(Extracted records)
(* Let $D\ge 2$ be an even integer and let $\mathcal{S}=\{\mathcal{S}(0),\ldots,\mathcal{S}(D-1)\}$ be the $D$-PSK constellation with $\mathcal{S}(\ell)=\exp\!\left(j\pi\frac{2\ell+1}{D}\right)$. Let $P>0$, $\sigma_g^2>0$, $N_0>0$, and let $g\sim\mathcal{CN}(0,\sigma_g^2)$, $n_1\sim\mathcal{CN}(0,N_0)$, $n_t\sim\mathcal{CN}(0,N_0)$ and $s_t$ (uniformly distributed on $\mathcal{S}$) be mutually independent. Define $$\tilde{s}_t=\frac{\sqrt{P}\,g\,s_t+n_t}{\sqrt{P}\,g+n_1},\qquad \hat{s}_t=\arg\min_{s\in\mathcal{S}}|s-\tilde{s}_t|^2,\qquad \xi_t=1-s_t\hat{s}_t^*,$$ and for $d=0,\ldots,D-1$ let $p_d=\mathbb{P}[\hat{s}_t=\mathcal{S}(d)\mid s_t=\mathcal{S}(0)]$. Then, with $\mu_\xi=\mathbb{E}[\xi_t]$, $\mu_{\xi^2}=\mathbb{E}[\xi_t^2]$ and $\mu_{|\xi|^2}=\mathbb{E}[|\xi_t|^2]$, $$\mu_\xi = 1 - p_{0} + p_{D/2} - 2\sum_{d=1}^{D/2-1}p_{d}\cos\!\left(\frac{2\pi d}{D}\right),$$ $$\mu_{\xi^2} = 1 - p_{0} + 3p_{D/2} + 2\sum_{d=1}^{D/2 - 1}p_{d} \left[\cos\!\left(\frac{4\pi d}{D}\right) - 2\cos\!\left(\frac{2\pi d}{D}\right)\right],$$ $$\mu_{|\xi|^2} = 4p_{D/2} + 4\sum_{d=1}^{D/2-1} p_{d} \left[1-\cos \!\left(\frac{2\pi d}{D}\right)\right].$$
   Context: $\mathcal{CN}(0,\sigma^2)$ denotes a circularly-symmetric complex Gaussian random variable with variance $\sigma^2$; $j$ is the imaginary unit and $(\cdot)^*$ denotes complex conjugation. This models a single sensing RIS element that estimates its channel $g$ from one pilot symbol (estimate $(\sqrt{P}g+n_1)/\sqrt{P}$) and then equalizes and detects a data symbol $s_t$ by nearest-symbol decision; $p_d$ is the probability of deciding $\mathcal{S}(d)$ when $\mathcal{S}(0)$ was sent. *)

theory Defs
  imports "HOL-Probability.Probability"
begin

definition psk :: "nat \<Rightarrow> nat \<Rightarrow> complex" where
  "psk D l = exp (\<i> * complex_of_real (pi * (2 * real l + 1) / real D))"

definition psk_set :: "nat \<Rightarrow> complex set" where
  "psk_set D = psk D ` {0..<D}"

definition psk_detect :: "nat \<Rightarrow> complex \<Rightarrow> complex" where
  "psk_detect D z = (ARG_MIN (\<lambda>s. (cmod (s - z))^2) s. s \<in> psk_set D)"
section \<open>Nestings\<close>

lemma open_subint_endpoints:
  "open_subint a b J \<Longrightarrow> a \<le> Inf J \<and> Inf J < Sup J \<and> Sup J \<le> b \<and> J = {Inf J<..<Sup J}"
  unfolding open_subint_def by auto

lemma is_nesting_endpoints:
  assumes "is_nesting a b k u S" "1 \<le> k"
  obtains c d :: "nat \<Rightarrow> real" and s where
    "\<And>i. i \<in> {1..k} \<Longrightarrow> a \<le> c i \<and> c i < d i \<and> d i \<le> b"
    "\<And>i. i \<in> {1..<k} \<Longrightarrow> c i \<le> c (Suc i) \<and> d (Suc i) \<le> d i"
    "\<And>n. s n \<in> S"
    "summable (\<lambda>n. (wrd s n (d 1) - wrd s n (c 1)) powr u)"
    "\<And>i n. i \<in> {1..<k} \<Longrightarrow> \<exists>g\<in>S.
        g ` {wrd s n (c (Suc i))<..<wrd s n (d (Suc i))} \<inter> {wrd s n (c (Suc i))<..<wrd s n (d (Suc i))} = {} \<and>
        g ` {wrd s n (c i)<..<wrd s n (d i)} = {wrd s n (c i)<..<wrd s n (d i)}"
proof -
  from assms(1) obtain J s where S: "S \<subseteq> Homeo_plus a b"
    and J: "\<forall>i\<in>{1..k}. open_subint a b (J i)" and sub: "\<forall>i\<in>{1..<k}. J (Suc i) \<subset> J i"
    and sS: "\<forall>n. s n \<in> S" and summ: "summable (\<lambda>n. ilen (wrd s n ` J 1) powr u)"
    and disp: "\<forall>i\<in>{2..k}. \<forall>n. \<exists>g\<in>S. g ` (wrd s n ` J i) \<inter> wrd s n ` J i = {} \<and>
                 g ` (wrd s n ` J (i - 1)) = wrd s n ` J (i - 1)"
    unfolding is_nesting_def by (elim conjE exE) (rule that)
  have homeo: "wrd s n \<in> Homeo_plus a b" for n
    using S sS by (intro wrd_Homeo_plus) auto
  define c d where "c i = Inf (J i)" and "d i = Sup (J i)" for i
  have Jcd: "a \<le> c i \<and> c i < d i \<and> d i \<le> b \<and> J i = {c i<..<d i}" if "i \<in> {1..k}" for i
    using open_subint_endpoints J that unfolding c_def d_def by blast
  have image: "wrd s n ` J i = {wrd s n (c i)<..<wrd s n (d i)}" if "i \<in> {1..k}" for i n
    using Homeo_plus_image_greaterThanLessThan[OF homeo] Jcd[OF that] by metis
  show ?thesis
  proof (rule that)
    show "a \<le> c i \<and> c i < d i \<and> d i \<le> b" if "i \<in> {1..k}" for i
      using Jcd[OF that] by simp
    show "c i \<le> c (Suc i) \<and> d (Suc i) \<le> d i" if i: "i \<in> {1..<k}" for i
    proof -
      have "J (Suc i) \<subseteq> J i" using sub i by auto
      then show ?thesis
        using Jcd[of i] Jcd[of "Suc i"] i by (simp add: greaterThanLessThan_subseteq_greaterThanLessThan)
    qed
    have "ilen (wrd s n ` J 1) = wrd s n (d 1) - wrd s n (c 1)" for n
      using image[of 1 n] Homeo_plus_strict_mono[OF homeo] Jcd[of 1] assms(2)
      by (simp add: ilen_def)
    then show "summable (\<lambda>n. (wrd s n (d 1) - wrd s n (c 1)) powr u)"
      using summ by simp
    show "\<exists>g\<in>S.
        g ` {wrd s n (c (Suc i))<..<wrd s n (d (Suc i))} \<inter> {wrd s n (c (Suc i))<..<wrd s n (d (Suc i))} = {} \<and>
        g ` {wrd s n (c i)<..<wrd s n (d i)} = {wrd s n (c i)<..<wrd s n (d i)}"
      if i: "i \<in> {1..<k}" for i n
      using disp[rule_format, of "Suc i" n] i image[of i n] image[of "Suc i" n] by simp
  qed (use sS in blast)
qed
==
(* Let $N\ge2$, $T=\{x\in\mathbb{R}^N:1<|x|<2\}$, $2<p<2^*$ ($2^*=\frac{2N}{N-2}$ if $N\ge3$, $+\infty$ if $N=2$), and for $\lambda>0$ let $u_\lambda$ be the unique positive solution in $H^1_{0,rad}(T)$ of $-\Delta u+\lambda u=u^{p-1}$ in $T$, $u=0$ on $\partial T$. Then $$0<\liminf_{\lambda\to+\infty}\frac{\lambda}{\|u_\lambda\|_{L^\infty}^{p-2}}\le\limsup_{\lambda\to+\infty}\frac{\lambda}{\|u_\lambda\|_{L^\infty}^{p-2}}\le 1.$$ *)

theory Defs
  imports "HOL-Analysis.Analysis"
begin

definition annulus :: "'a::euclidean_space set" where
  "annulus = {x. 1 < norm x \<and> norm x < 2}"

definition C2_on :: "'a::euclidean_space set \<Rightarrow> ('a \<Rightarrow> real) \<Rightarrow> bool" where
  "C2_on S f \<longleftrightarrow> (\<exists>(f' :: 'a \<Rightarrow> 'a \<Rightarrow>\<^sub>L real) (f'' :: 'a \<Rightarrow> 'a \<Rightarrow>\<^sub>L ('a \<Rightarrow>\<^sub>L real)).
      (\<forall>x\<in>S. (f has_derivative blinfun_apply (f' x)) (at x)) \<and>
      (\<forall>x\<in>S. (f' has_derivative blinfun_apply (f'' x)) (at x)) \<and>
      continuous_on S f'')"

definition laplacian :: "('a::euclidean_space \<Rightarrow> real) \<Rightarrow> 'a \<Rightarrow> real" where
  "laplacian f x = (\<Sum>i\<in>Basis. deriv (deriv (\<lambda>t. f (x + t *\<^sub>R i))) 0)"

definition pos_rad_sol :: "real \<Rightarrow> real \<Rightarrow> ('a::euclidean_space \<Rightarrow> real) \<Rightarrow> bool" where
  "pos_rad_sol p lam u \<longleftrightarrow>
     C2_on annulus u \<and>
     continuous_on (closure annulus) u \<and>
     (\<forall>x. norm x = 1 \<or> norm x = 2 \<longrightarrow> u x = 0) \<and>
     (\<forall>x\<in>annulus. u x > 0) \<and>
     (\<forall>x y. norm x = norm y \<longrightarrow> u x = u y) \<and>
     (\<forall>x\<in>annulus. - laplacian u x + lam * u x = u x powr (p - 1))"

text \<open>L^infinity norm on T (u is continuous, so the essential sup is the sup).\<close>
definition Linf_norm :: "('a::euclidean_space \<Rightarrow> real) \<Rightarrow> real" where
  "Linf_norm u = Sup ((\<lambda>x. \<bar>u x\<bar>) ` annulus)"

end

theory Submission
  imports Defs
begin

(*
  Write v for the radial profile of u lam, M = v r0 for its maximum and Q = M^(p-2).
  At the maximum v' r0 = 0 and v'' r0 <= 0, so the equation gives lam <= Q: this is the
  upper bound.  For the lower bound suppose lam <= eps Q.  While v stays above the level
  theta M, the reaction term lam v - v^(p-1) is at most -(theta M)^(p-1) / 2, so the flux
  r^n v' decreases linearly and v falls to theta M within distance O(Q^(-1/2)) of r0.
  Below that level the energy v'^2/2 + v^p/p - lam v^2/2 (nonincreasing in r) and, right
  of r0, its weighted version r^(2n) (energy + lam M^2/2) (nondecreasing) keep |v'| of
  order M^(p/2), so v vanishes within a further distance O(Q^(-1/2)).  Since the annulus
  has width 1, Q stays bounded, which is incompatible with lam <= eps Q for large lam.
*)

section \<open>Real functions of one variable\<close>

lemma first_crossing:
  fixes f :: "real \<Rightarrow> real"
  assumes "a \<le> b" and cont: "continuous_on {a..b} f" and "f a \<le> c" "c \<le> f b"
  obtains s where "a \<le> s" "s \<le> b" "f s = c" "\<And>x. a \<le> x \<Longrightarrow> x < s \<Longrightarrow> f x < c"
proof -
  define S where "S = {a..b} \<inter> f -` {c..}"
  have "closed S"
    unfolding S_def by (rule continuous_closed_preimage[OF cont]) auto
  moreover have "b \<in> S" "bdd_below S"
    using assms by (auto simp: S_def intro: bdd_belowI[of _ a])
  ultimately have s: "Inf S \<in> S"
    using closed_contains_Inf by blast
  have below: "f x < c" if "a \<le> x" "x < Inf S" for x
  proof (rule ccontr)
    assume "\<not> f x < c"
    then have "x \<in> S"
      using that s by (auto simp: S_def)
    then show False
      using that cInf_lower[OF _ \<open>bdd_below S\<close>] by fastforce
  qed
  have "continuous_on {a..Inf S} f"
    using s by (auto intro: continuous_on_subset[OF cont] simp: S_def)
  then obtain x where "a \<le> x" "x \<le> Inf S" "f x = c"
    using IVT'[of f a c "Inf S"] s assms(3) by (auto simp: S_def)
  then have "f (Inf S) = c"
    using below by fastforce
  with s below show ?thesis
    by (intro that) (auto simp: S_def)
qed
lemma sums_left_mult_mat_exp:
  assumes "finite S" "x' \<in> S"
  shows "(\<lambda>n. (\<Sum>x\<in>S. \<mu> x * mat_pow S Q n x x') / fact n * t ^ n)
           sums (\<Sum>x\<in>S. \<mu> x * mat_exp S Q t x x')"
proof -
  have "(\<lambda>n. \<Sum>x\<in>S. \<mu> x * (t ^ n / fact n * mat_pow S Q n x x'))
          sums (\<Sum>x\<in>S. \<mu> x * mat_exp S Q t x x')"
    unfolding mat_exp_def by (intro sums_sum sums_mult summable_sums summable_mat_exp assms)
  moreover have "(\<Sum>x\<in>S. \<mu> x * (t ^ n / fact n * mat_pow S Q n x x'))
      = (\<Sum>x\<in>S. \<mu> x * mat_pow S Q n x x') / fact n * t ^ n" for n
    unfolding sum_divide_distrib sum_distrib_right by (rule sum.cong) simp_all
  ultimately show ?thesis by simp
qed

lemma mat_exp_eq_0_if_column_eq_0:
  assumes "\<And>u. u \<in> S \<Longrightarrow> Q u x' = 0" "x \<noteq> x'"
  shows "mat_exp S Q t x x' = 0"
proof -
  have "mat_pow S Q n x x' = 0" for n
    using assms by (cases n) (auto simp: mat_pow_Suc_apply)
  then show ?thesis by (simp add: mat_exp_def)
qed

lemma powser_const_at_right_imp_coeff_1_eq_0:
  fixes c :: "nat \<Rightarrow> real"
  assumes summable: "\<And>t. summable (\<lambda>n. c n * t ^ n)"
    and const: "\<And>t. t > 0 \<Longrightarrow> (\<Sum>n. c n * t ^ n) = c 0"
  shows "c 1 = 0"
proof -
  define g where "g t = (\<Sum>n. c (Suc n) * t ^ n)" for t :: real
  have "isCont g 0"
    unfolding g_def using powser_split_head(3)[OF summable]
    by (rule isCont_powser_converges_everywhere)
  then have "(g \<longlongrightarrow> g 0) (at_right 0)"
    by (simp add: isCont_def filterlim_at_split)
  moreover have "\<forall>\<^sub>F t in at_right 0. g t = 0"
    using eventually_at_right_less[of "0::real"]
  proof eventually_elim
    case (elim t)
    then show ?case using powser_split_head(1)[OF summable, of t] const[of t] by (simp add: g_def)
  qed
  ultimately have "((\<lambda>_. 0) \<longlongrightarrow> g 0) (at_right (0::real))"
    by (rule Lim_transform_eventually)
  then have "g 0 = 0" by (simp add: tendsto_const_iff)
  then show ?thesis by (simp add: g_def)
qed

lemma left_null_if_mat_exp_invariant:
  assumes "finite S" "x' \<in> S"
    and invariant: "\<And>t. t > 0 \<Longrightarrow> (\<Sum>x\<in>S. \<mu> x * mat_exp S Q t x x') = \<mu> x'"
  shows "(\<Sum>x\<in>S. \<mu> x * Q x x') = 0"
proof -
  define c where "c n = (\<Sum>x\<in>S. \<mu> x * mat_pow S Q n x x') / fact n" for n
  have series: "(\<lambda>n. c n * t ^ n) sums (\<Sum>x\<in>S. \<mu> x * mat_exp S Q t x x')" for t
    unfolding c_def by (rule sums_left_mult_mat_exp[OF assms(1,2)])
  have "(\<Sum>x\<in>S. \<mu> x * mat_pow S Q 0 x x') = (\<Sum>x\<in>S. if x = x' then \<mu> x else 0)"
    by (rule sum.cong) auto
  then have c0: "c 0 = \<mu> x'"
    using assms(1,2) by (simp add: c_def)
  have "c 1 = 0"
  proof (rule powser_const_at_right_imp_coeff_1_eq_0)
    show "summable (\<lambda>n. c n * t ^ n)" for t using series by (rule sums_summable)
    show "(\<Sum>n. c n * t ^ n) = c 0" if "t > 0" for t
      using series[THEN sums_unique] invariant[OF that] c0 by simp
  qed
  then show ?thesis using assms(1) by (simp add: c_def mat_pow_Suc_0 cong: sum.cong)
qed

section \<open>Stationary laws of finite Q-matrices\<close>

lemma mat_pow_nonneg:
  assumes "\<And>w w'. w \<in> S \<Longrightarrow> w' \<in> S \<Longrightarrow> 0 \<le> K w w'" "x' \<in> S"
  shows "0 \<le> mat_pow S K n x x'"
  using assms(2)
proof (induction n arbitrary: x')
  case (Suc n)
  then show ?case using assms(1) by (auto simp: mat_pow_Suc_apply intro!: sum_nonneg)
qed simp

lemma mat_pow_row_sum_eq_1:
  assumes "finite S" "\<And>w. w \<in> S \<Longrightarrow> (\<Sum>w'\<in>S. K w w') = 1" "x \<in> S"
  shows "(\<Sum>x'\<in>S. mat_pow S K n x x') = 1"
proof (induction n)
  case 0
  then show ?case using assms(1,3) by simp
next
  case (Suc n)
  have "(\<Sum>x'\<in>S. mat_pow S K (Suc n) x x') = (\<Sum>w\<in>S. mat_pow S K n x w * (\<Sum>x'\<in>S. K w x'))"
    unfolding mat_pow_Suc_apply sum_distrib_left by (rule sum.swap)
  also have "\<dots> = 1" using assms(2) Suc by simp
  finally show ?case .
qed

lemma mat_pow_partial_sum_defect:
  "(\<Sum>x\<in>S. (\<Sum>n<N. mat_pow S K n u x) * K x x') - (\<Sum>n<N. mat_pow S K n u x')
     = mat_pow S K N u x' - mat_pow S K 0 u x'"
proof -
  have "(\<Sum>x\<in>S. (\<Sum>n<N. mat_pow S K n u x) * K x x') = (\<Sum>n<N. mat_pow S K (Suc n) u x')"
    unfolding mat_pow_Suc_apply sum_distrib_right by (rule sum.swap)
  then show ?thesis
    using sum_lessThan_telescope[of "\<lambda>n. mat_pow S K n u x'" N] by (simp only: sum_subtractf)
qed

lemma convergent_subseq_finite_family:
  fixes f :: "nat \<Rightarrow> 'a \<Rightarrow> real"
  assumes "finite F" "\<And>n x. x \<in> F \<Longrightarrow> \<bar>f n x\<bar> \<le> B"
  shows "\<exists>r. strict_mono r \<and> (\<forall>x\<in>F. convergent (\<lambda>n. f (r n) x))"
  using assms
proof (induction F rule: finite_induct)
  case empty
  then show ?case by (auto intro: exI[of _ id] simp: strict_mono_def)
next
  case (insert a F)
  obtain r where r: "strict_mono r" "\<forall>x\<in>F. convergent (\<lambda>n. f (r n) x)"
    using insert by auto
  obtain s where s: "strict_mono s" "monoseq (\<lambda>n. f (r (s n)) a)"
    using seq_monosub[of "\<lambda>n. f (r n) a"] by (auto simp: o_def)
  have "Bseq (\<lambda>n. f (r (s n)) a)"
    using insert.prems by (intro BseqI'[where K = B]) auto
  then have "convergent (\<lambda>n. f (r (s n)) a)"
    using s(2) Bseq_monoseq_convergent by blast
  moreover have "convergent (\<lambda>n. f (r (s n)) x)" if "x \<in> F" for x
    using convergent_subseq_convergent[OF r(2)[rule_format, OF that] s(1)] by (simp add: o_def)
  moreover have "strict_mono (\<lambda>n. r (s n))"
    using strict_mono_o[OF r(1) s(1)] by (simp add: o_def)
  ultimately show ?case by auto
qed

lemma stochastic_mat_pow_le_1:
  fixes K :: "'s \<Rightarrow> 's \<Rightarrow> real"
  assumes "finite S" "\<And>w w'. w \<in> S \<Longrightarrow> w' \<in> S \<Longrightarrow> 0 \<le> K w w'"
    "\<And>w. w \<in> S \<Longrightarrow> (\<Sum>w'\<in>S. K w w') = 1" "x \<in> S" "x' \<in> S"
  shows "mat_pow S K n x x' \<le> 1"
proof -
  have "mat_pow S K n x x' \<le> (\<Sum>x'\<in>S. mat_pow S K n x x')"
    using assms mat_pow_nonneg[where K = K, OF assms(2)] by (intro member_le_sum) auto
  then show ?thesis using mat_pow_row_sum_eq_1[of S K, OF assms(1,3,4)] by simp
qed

Task details –
Exactly how many lines of the records include "distance"? Provide the number by itself.

Solution –
2